I want to perform some of the analyses that the ts package allows me to do, such as decomposing the time-series into the trend and seasonality, and looking at the auto-correlation function. However, trying to do any of these gives an error of: Error in na.fail.default(as.ts(x)) : missing values in object.

我想执行ts包允许我做的一些分析,例如将时间序列分解为趋势和季节性,以及查看自相关函数。但是,尝试执行上述任何操作都会出现以下错误:na.fail.default(as.ts(x))中的错误:缺少对象中的值。

Looking into this in more depth, it seems that all of these functions work on ts objects that have, by definition, regularly-spaced observations. My observations aren't, so I end up with a lot of NAs and everything fails.

更深入地研究这一点,似乎所有这些函数都在ts对象上工作,根据定义,这些对象具有规则间隔的观察。我的观察结果不是,所以我最终得到了很多NAs,一切都失败了。

Is there a way to analyse the irregular time-series in R? Or do I need to convert them to be regular somehow? If so, is there a simple way to do this?

有没有办法分析R中的不规则时间序列?或者我是否需要将它们转换为常规?如果是这样,有没有一种简单的方法可以做到这一点?

1 个解决方案

#1


13  

I have analysed such irregular data in the past using an additive model to "decompose" the seasonal and trend components. As this is a regression-based approach you need to model the residuals as a time series process to account for lack of independence in the residuals.

我过去使用加法模型分析了这些不规则数据,以“分解”季节和趋势成分。由于这是一种基于回归的方法,因此您需要将残差建模为时间序列过程,以说明残差中缺乏独立性。

I used the mgcv package for these analysis. Essentially the model fitted is:

我使用mgcv包进行这些分析。基本上拟合的模型是:

require(mgcv)
require(nlme)
mod <- gamm(response ~ s(dayOfYear, bs = "cc") + s(timeOfSampling), data = foo,
            correlation = corCAR1(form = ~ timeOfSampling))

Which fits a cyclic spline in the day of the year variable dayOfYear for the seasonal term and the trend is represented by timeOfSampling which is a numeric variable. The residuals are modelled here as a continuous-time AR(1) using the timeOfSampling variable as the time component of the CAR(1). This assumes that with increasing temporal separation, the correlation between residuals drops off exponentially.

这适用于季节变量dayOfYear中的循环样条用于季节性术语,趋势由timeOfSampling表示,该变量是数字变量。这里使用timeOfSampling变量作为CAR(1)的时间分量将残差建模为连续时间AR(1)。这假设随着时间间隔的增加,残差之间的相关性呈指数下降。

I have written some blog posts on some of these ideas:

我写了一些关于其中一些想法的博客文章:

  1. Smoothing temporally correlated data
  2. 平滑时间相关的数据
  3. Additive modelling and the HadCRUT3v global mean temperature series
  4. 添加剂建模和HadCRUT3v全局平均温度系列

which contain additional R code for you to follow.

其中包含额外的R代码供您遵循。

#1


13  

I have analysed such irregular data in the past using an additive model to "decompose" the seasonal and trend components. As this is a regression-based approach you need to model the residuals as a time series process to account for lack of independence in the residuals.

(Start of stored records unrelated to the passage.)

lemma four_dvd_L: "4 dvd int L"
proof -
  have "2 * 2 dvd (int r + 1) * (int r - 1)"
    using odd_r by (intro mult_dvd_mono) simp_all
  then show ?thesis
    using r_square_minus_1_dvd_L by (simp add: dvd_trans)
qed

lemma L_eq_double_H: "int L = 2 * H"
proof -
  have "2 dvd int L"
    using four_dvd_L by (rule dvd_trans[rotated]) simp
  then show ?thesis
    unfolding H_def by simp
qed

lemma even_H: "even H"
  using four_dvd_L L_eq_double_H by presburger

lemma double_N_dvd_L: "2 * int N dvd int L"
  using double_N_p_minus_1_dvd_L by (rule dvd_mult_left)

lemma N_dvd_H: "int N dvd H"
proof -
  have "2 * int N dvd 2 * H"
    using double_N_p_minus_1_dvd_L L_eq_double_H by (metis dvd_mult_left)
  then show ?thesis
    by simp
qed

lemma N_dvd_L: "int N dvd int L"
  using N_dvd_H by (simp add: L_eq_double_H)

lemma H_bounds: "0 < H" "H < int L"
  using L_eq_double_H L_pos by auto

lemma coprime_N_p: "coprime N p"
proof (rule coprimeI)
  fix d assume "d dvd N" "d dvd p"
  have "j > 0"
    using n_pos n_eq by simp
  then have "d dvd p ^ j"
    using \<open>d dvd p\<close> dvd_power[of j p] dvd_trans by blast
  moreover have "d dvd p ^ j + 1"
    using \<open>d dvd N\<close> N_dvd by (rule dvd_trans)
  ultimately show "is_unit d"
    by (rule dvd_add_right_iff[THEN iffD1])
qed

lemma coprime_N_r: "coprime (int N) (int r)"
  using coprime_N_p unfolding r_def by simp

lemma coprime_N_p_minus_1: "coprime (int N) (int p - 1)"
proof (rule coprimeI)
  fix d assume d: "d dvd int N" "d dvd int p - 1"
  then have "d dvd int r + 1"
    using double_N_dvd_r_plus_1 by (meson dvd_mult_right dvd_trans)
  moreover have "d dvd int r - 1"
    using d(2) p_minus_1_dvd_r_minus_1 by (rule dvd_trans)
  ultimately have "d dvd 2"
    using dvd_diff[of d "int r + 1" "int r - 1"] by simp
  moreover have "coprime (int N) 2"
    using odd_N by simp
  ultimately show "is_unit d"
    using d(1) coprime_common_divisor by blast
qed

lemma coprime_r_L: "coprime (int r) (int L)"
proof (rule coprimeI)
  fix d assume d: "d dvd int r" "d dvd int L"
  have "int r dvd (int r ^ 2) ^ s"
    using s_pos by (simp flip: power_mult)
  then have "d dvd (int r ^ 2) ^ s - int L"
    using d by (intro dvd_diff) (auto intro: dvd_trans)
  then show "is_unit d"
    by (simp add: L_eq)
qed

lemma w_powi_H: "w powi H = -1"
proof -
  have "w powi H * w powi H = w powi (H + H)"
    by (simp only: w_powi_add)
  also have "H + H = int L"
    by (simp add: L_eq_double_H)
  finally have "w powi H * w powi H = 1"
    using power_L_eq_1[OF w_nonzero] by simp
  then have "(w powi H - 1) * (w powi H + 1) = 0"
    by (simp add: algebra_simps)
  moreover have "w powi H \<noteq> 1"
  proof
    assume "w powi H = 1"
    then have "w powi H = w powi 0"
      by simp
    then have "H mod int L = 0"
      unfolding w_powi_eq_iff by simp
    then show False
      using H_bounds by simp
  qed
  ultimately show ?thesis
    by (simp add: eq_neg_iff_add_eq_0)
qed

lemma w_powi_eq_minus_1_iff: "m \<in> {0..<int L} \<Longrightarrow> w powi m = -1 \<longleftrightarrow> m = H"
  using H_bounds by (simp add: w_powi_eq_iff flip: w_powi_H)

definition gauss_term :: "int \<Rightarrow> complex" where
  "gauss_term l = parity_sign l * \<psi> (w powi l)"

definition period :: "int \<Rightarrow> complex" where
  "period c = (\<Sum>l\<in>{0..<int L}. if int N dvd l - c then gauss_term l else 0)"

lemma quad_gauss_sum_eq: "quad_gauss_sum p TYPE('a) = (\<Sum>l\<in>{0..<int L}. gauss_term l)"
  unfolding quad_gauss_sum_def sum_nonzero_eq_sum_w_powi gauss_term_def parity_sign_def
  using quad_char_w_powi[OF odd_p] by simp

lemma even_L: "even (int L)"
  using L_eq_double_H by simp

lemma gauss_term_mod: "gauss_term (l mod int L) = gauss_term l"
  unfolding gauss_term_def by (simp add: parity_sign_mod[OF even_L] w_powi_mod)

lemma N_dvd_mod_L_iff: "int N dvd l mod int L - c \<longleftrightarrow> int N dvd l - c"
proof -
  have "(l mod int L - c) mod int N = (l mod int L mod int N - c) mod int N"
    by (rule mod_diff_left_eq[symmetric])
  also have "l mod int L mod int N = l mod int N"
    using N_dvd_L by (rule mod_mod_cancel)
  also have "(l mod int N - c) mod int N = (l - c) mod int N"
    by (rule mod_diff_left_eq)
  finally have "(l mod int L - c) mod int N = (l - c) mod int N" .
  then show ?thesis
    by (simp add: dvd_eq_mod_eq_0)
qed

lemma period_mod: "period (c mod int N) = period c"
proof -
  have "int N dvd l - c mod int N \<longleftrightarrow> int N dvd l - c" for l
    by (simp add: dvd_eq_mod_eq_0 mod_diff_right_eq)
  then show ?thesis
    unfolding period_def by simp
qed

lemma sum_period: "(\<Sum>c\<in>{0..<int N}. period c) = quad_gauss_sum p TYPE('a)"
proof -
  have "(\<Sum>c\<in>{0..<int N}. period c)
      = (\<Sum>l\<in>{0..<int L}. \<Sum>c\<in>{0..<int N}. if int N dvd l - c then gauss_term l else 0)"
    unfolding period_def by (rule sum.swap)
  also have "\<dots> = (\<Sum>l\<in>{0..<int L}. gauss_term l)"
    using sum_residues_dvd_diff[OF N_pos, where f = "\<lambda>_. gauss_term _"] by simp
  finally show ?thesis
    by (simp add: quad_gauss_sum_eq)
qed

text \<open>Translating by \<open>N\<close> flips the parity sign but preserves the residue class mod \<open>N\<close>.\<close>

lemma sum_parity_sign_residue_class:
  "(\<Sum>m\<in>{0..<int L}. if int N dvd m - d then parity_sign m else 0) = 0"
proof -
  define f where "f m = (if int N dvd m - d then parity_sign m else 0)" for m
  have "(\<Sum>m\<in>{0..<int L}. f (m + int N)) = (\<Sum>m\<in>{0..<int L}. f m)"
    using L_pos by (intro sum_periodic_shift)
      (simp_all add: f_def N_dvd_mod_L_iff parity_sign_mod[OF even_L])
  moreover have "f (m + int N) = - f m" for m
    using odd_N by (simp add: f_def parity_sign_add_odd dvd_shift_iff)
  ultimately have "- (\<Sum>m\<in>{0..<int L}. f m) = (\<Sum>m\<in>{0..<int L}. f m)"
    by (simp add: sum_negf)
  then show ?thesis
    unfolding f_def by simp
qed

lemma gauss_term_mult_shift:
  "gauss_term l * gauss_term (m + l) = parity_sign m * \<psi> (w powi l * (1 + w powi m))"
proof -
  have "parity_sign l * parity_sign (m + l) = parity_sign m"
    unfolding parity_sign_def by auto
  moreover have "\<psi> (w powi l) * \<psi> (w powi (m + l)) = \<psi> (w powi l + w powi l * w powi m)"
    by (simp add: can_add_char_add w_powi_add mult.commute)
  moreover have "gauss_term l * gauss_term (m + l)
      = (parity_sign l * parity_sign (m + l)) * (\<psi> (w powi l) * \<psi> (w powi (m + l)))"
    unfolding gauss_term_def by (simp add: mult_ac)
  ultimately show ?thesis
    by (simp add: distrib_left)
qed

lemma sum_residue_class_shift:
  assumes "\<And>x. F (x mod int L) = F x"
  shows "(\<Sum>l\<in>{0..<int L}. if int N dvd l + t - c then F (l + t) else 0)
    = (\<Sum>l\<in>{0..<int L}. if int N dvd l - c then F l else 0)"
  using L_pos assms
  by (intro sum_periodic_shift[where f = "\<lambda>l. if int N dvd l - c then F l else 0"])
     (simp_all add: N_dvd_mod_L_iff)

lemma sum_period_products_eq_double_sum:
  "(\<Sum>c\<in>{0..<int N}. period c * period (c + d))
   = (\<Sum>l\<in>{0..<int L}. \<Sum>l'\<in>{0..<int L}.
        if int N dvd l' - (l + d) then gauss_term l * gauss_term l' else 0)"
proof -
  let ?I = "{0..<int L}" and ?C = "{0..<int N}"
  have "(\<Sum>c\<in>?C. period c * period (c + d))
      = (\<Sum>c\<in>?C. \<Sum>l\<in>?I. \<Sum>l'\<in>?I. if int N dvd l - c
          then (if int N dvd l' - (c + d) then gauss_term l * gauss_term l' else 0) else 0)"
    unfolding period_def sum_product by (intro sum.cong refl) simp
  also have "\<dots> = (\<Sum>l\<in>?I. \<Sum>c\<in>?C. \<Sum>l'\<in>?I. if int N dvd l - c
          then (if int N dvd l' - (c + d) then gauss_term l * gauss_term l' else 0) else 0)"
    by (rule sum.swap)
  also have "\<dots> = (\<Sum>l\<in>?I. \<Sum>l'\<in>?I. \<Sum>c\<in>?C. if int N dvd l - c
          then (if int N dvd l' - (c + d) then gauss_term l * gauss_term l' else 0) else 0)"
    by (intro sum.cong refl sum.swap)
  also have "\<dots> = (\<Sum>l\<in>?I. \<Sum>l'\<in>?I.
        if int N dvd l' - (l + d) then gauss_term l * gauss_term l' else 0)"
    unfolding sum_residues_dvd_diff[OF N_pos] dvd_diff_mod_iff ..
  finally show ?thesis .
qed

我过去使用加法模型分析了这些不规则数据,以“分解”季节和趋势成分。由于这是一种基于回归的方法,因此您需要将残差建模为时间序列过程,以说明残差中缺乏独立性。

I used the mgcv package for these analysis. Essentially the model fitted is:

我使用mgcv包进行这些分析。基本上拟合的模型是:

require(mgcv)
require(nlme)
mod <- gamm(response ~ s(dayOfYear, bs = "cc") + s(timeOfSampling), data = foo,
            correlation = corCAR1(form = ~ timeOfSampling))

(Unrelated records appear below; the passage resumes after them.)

(* Let $W\in\mathbb{D}_n$ be a Dale matrix with excitatory neurons $\mathcal{E}$ and inhibitory neurons $\mathcal{I}$, satisfying the Ground Assumption, and let $W'\in\mathbb{D}_n$ (same partition) be defined by $W'_{ij}=0$ for all $i\in\mathcal{I}$, $j\in\mathcal{E}$, and $W'_{ij}=W_{ij}$ otherwise. Then $\mathcal{C}(W)=\mathcal{C}(W')$.
   Context: Threshold-linear network: for $W\in\mathbb{R}^{n\times n}$ and $b\in\mathbb{R}^n$, the dynamics are $\dot x_i=-x_i+[\sum_{j=1}^n W_{ij}x_j+b_i]_+$, where $[y]_+=\max(0,y)$. A fixed point is $x^*\in\mathbb{R}^n$ with $x^*=[Wx^*+b]_+$. A Dale matrix $W\in\mathbb{D}_n$ is an $n\times n$ real matrix with a partition $[n]=\mathcal{E}\sqcup\mathcal{I}$ (excitatory/inhibitory) such that $W_{ii}=0$, $W_{ji}\ge0$ for all $j$ when $i\in\mathcal{E}$, and $W_{ji}\le0$ for all $j$ when $i\in\mathcal{I}$. Ground Assumption: for every nonempty $\sigma\subset[n]$, the principal submatrix $(I-W)_\sigma$ is nonsingular. Excitatory support: $\mathrm{supp}_+x=\{i\in\mathcal{E}:x_i>0\}$. Combinatorial code: $\mathcal{C}(W)=\{\mathrm{supp}_+x^*: b\in\mathbb{R}^n_{\ge0},\ x^*\in\mathbb{R}^n_{\ge0}\text{ a fixed point of }(W,b)\}$. *)

theory Defs
  imports "Jordan_Normal_Form.Determinant" "Jordan_Normal_Form.DL_Submatrix"
begin

text \<open>Neurons are indexed by 0..n-1; E is the set of excitatory neurons,
  inhibitory neurons are the complement of E in 0..n-1.\<close>

definition dale_matrix :: "nat \<Rightarrow> nat set \<Rightarrow> real mat \<Rightarrow> bool" where
  "dale_matrix n E W \<longleftrightarrow> W \<in> carrier_mat n n \<and> E \<subseteq> {..<n} \<and>
     (\<forall>i<n. W $$ (i, i) = 0) \<and>
     (\<forall>i<n. i \<in> E \<longrightarrow> (\<forall>j<n. W $$ (j, i) \<ge> 0)) \<and>
     (\<forall>i<n. i \<notin> E \<longrightarrow> (\<forall>j<n. W $$ (j, i) \<le> 0))"

definition ground_assumption :: "nat \<Rightarrow> real mat \<Rightarrow> bool" where
  "ground_assumption n W \<longleftrightarrow>
     (\<forall>\<sigma>. \<sigma> \<noteq> {} \<and> \<sigma> \<subseteq> {..<n} \<longrightarrow> det (submatrix (1\<^sub>m n - W) \<sigma> \<sigma>) \<noteq> 0)"

definition relu_vec :: "real vec \<Rightarrow> real vec" where
  "relu_vec v = map_vec (\<lambda>y. max 0 y) v"

definition is_fixed_point :: "real mat \<Rightarrow> real vec \<Rightarrow> real vec \<Rightarrow> bool" where
  "is_fixed_point W b x \<longleftrightarrow> x = relu_vec (W *\<^sub>v x + b)"

definition supp_plus :: "nat set \<Rightarrow> real vec \<Rightarrow> nat set" where
  "supp_plus E x = {i \<in> E. i < dim_vec x \<and> x $ i > 0}"

definition comb_code :: "nat \<Rightarrow> nat set \<Rightarrow> real mat \<Rightarrow> nat set set" where
  "comb_code n E W = {supp_plus E x | b x.
      b \<in> carrier_vec n \<and> x \<in> carrier_vec n \<and>
      (\<forall>i<n. b $ i \<ge> 0) \<and> (\<forall>i<n. x $ i \<ge> 0) \<and> is_fixed_point W b x}"

text \<open>W' : delete all excitatory-to-inhibitory connections (rows in I, columns in E).\<close>
definition drop_EI :: "nat \<Rightarrow> nat set \<Rightarrow> real mat \<Rightarrow> real mat" where
  "drop_EI n E W = mat n n (\<lambda>(i, j). if i \<notin> E \<and> j \<in> E then 0 else W $$ (i, j))"

end

theory Submission
  imports Defs
begin

text \<open>A nonnegative vector y with W y \<le> y is a fixed point for the nonnegative input b = y - W y,
  and conversely every fixed point x with b \<ge> 0 satisfies x \<ge> W x + b \<ge> W x. Hence the code
  consists exactly of the excitatory supports of such subinvariant vectors. Deleting the
  nonnegative excitatory-to-inhibitory weights can only enlarge this set. Conversely, if y is
  subinvariant for the reduced matrix, raising every inhibitory neuron by the excitatory input
  it lost gives a vector z with the same excitatory support that is subinvariant for W: the raised
  inhibitory activity only lowers the inputs of the other neurons.\<close>

definition subinvariant_vecs :: "nat \<Rightarrow> real mat \<Rightarrow> real vec set" where
  "subinvariant_vecs n W = {y \<in> carrier_vec n. \<forall>i<n. 0 \<le> y $ i \<and> (W *\<^sub>v y) $ i \<le> y $ i}"

lemma mult_mat_vec_index_sum:
  assumes "A \<in> carrier_mat n n" "v \<in> carrier_vec n" "i < n"
  shows "(A *\<^sub>v v) $ i = (\<Sum>j<n. A $$ (i, j) * v $ j)"
  using assms by (simp add: scalar_prod_def atLeast0LessThan mult.commute)

lemma is_fixed_point_iff:
  assumes "W \<in> carrier_mat n n" "x \<in> carrier_vec n" "b \<in> carrier_vec n"
  shows "is_fixed_point W b x \<longleftrightarrow> (\<forall>i<n. x $ i = max 0 ((W *\<^sub>v x) $ i + b $ i))"
  using assms unfolding is_fixed_point_def relu_vec_def by (auto simp: vec_eq_iff)

lemma comb_code_eq_supp_subinvariant:
  assumes W: "W \<in> carrier_mat n n"
  shows "comb_code n E W = supp_plus E ` subinvariant_vecs n W"
proof
  show "comb_code n E W \<subseteq> supp_plus E ` subinvariant_vecs n W"
  proof
    fix S assume "S \<in> comb_code n E W"
    then obtain b x where S: "S = supp_plus E x" and b: "b \<in> carrier_vec n" "\<forall>i<n. 0 \<le> b $ i"
      and x: "x \<in> carrier_vec n" "\<forall>i<n. 0 \<le> x $ i" and fp: "is_fixed_point W b x"
      unfolding comb_code_def by blast
    have "(W *\<^sub>v x) $ i \<le> x $ i" if i: "i < n" for i
    proof -
      have "x $ i = max 0 ((W *\<^sub>v x) $ i + b $ i)"
        using fp i by (simp add: is_fixed_point_iff[OF W x(1) b(1)])
      moreover have "0 \<le> b $ i" using b(2) i by blast
      ultimately show ?thesis by linarith
    qed
    then have "x \<in> subinvariant_vecs n W" using x unfolding subinvariant_vecs_def by blast
    then show "S \<in> supp_plus E ` subinvariant_vecs n W" using S by blast
  qed
next
  show "supp_plus E ` subinvariant_vecs n W \<subseteq> comb_code n E W"
  proof
    fix S assume "S \<in> supp_plus E ` subinvariant_vecs n W"
    then obtain y where S: "S = supp_plus E y" and yC: "y \<in> carrier_vec n"
      and y_nonneg: "\<forall>i<n. 0 \<le> y $ i" and y_sub: "\<forall>i<n. (W *\<^sub>v y) $ i \<le> y $ i"
      unfolding subinvariant_vecs_def by blast
    define b where "b = y - W *\<^sub>v y"
    have bC: "b \<in> carrier_vec n" using yC W by (simp add: b_def)
    have b_index: "b $ i = y $ i - (W *\<^sub>v y) $ i" if "i < n" for i
      using that yC W by (simp add: b_def)
    have "is_fixed_point W b y"
      unfolding is_fixed_point_iff[OF W yC bC] using y_nonneg by (simp add: b_index)
    moreover have "\<forall>i<n. 0 \<le> b $ i" using y_sub by (simp add: b_index)
    ultimately show "S \<in> comb_code n E W"
      unfolding comb_code_def using S yC bC y_nonneg by blast
  qed
qed

lemma subinvariant_vecs_antimono:
  assumes A: "A \<in> carrier_mat n n" and B: "B \<in> carrier_mat n n"
    and le: "\<And>i j. i < n \<Longrightarrow> j < n \<Longrightarrow> A $$ (i, j) \<le> B $$ (i, j)"
  shows "subinvariant_vecs n B \<subseteq> subinvariant_vecs n A"
proof
  fix y assume y: "y \<in> subinvariant_vecs n B"
  then have yC: "y \<in> carrier_vec n" and y_nonneg: "\<And>j. j < n \<Longrightarrow> 0 \<le> y $ j"
    unfolding subinvariant_vecs_def by auto
  have "(A *\<^sub>v y) $ i \<le> (B *\<^sub>v y) $ i" if "i < n" for i
    unfolding mult_mat_vec_index_sum[OF A yC that] mult_mat_vec_index_sum[OF B yC that]
    using that le y_nonneg by (intro sum_mono mult_right_mono) auto
  with y show "y \<in> subinvariant_vecs n A"
    unfolding subinvariant_vecs_def by (auto intro: order_trans)
qed

lemma drop_EI_carrier: "drop_EI n E W \<in> carrier_mat n n"
  by (simp add: drop_EI_def)

lemma drop_EI_index:
  "i < n \<Longrightarrow> j < n \<Longrightarrow> drop_EI n E W $$ (i, j) = (if i \<notin> E \<and> j \<in> E then 0 else W $$ (i, j))"
  by (simp add: drop_EI_def)

lemma drop_EI_le:
  assumes "dale_matrix n E W" "i < n" "j < n"
  shows "drop_EI n E W $$ (i, j) \<le> W $$ (i, j)"
  using assms unfolding dale_matrix_def by (simp add: drop_EI_index)

lemma subinvariant_vec_of_drop_EI:
  assumes D: "dale_matrix n E W" and y: "y \<in> subinvariant_vecs n (drop_EI n E W)"
  obtains z where "z \<in> subinvariant_vecs n W" "supp_plus E z = supp_plus E y"
proof -
  let ?W' = "drop_EI n E W"
  have W: "W \<in> carrier_mat n n" and E: "E \<subseteq> {..<n}"
    and inh: "\<And>i j. i < n \<Longrightarrow> j < n \<Longrightarrow> j \<notin> E \<Longrightarrow> W $$ (i, j) \<le> 0"
    using D unfolding dale_matrix_def by auto
  have yC: "y \<in> carrier_vec n" and y_nonneg: "\<And>j. j < n \<Longrightarrow> 0 \<le> y $ j"
    and y_sub: "\<And>i. i < n \<Longrightarrow> (?W' *\<^sub>v y) $ i \<le> y $ i"
    using y unfolding subinvariant_vecs_def by auto
  define d where "d = W *\<^sub>v y - ?W' *\<^sub>v y"
  have dC: "d \<in> carrier_vec n"
    unfolding d_def using W yC drop_EI_carrier
    by (metis minus_carrier_vec mult_mat_vec_carrier)
  have d_diff: "d $ i = (W *\<^sub>v y) $ i - (?W' *\<^sub>v y) $ i" if "i < n" for i
    using that W yC drop_EI_carrier[of n E W] by (simp add: d_def)
  have d_index: "d $ i = (\<Sum>j<n. (W $$ (i, j) - ?W' $$ (i, j)) * y $ j)" if i: "i < n" for i
    unfolding d_diff[OF i] mult_mat_vec_index_sum[OF W yC i]
      mult_mat_vec_index_sum[OF drop_EI_carrier yC i]
    by (simp add: sum_subtractf left_diff_distrib)
  have d_nonneg: "0 \<le> d $ i" if i: "i < n" for i
    unfolding d_index[OF i] using i drop_EI_le[OF D] y_nonneg
    by (intro sum_nonneg mult_nonneg_nonneg) auto
  have d_exc: "d $ i = 0" if "i < n" "i \<in> E" for i
    unfolding d_index[OF that(1)] using that by (simp add: drop_EI_index)
  \<comment> \<open>d lives on inhibitory neurons, whose outgoing weights are nonpositive\<close>
  have Wd_nonpos: "(W *\<^sub>v d) $ i \<le> 0" if i: "i < n" for i
    unfolding mult_mat_vec_index_sum[OF W dC i]
  proof (intro sum_nonpos)
    fix j assume "j \<in> {..<n}"
    then show "W $$ (i, j) * d $ j \<le> 0"
      using i inh d_nonneg d_exc by (cases "j \<in> E") (auto intro: mult_nonpos_nonneg)
  qed
  define z where "z = y + d"
  have zC: "z \<in> carrier_vec n" using yC dC by (simp add: z_def)
  have z_index: "z $ i = y $ i + d $ i" if "i < n" for i
    using that dC by (simp add: z_def)
  have "(W *\<^sub>v z) $ i \<le> z $ i" if i: "i < n" for i
  proof -
    have "(W *\<^sub>v z) $ i = (W *\<^sub>v y) $ i + (W *\<^sub>v d) $ i"
      using i W by (simp add: z_def mult_add_distrib_mat_vec[OF W yC dC])
    also have "\<dots> = (?W' *\<^sub>v y) $ i + d $ i + (W *\<^sub>v d) $ i"
      using d_diff[OF i] by simp
    also have "\<dots> \<le> y $ i + d $ i" using y_sub[OF i] Wd_nonpos[OF i] by simp
    finally show ?thesis using z_index[OF i] by simp
  qed
  then have "z \<in> subinvariant_vecs n W"
    using zC y_nonneg d_nonneg z_index unfolding subinvariant_vecs_def by auto
  moreover have "supp_plus E z = supp_plus E y"
    using E yC zC z_index d_exc unfolding supp_plus_def by auto
  ultimately show ?thesis by (rule that)
qed

theorem mainTheorem2:
  fixes n :: nat and E :: "nat set" and W :: "real mat"
  assumes "dale_matrix n E W"
    and "ground_assumption n W"
  shows "comb_code n E W = comb_code n E (drop_EI n E W)"
proof -
  have W: "W \<in> carrier_mat n n" using assms(1) unfolding dale_matrix_def by blast
  have "subinvariant_vecs n W \<subseteq> subinvariant_vecs n (drop_EI n E W)"
    using subinvariant_vecs_antimono[OF drop_EI_carrier W] drop_EI_le[OF assms(1)] by blast
  moreover have "supp_plus E ` subinvariant_vecs n (drop_EI n E W) \<subseteq> supp_plus E ` subinvariant_vecs n W"
    using subinvariant_vec_of_drop_EI[OF assms(1)] by (metis image_eqI image_subsetI)
  ultimately show ?thesis
    unfolding comb_code_eq_supp_subinvariant[OF W] comb_code_eq_supp_subinvariant[OF drop_EI_carrier]
    by blast
qed

end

Which fits a cyclic spline in the day of the year variable dayOfYear for the seasonal term and the trend is represented by timeOfSampling which is a numeric variable. The residuals are modelled here as a continuous-time AR(1) using the timeOfSampling variable as the time component of the CAR(1). This assumes that with increasing temporal separation, the correlation between residuals drops off exponentially.

这适用于季节变量dayOfYear中的循环样条用于季节性术语,趋势由timeOfSampling表示,该变量是数字变量。这里使用timeOfSampling变量作为CAR(1)的时间分量将残差建模为连续时间AR(1)。这假设随着时间间隔的增加,残差之间的相关性呈指数下降。

I have written some blog posts on some of these ideas:

我写了一些关于其中一些想法的博客文章:

  1. Smoothing temporally correlated data
  2. 平滑时间相关的数据
  3. Additive modelling and the HadCRUT3v global mean temperature series
  4. 添加剂建模和HadCRUT3v全局平均温度系列

which contain additional R code for you to follow.

其中包含额外的R代码供您遵循。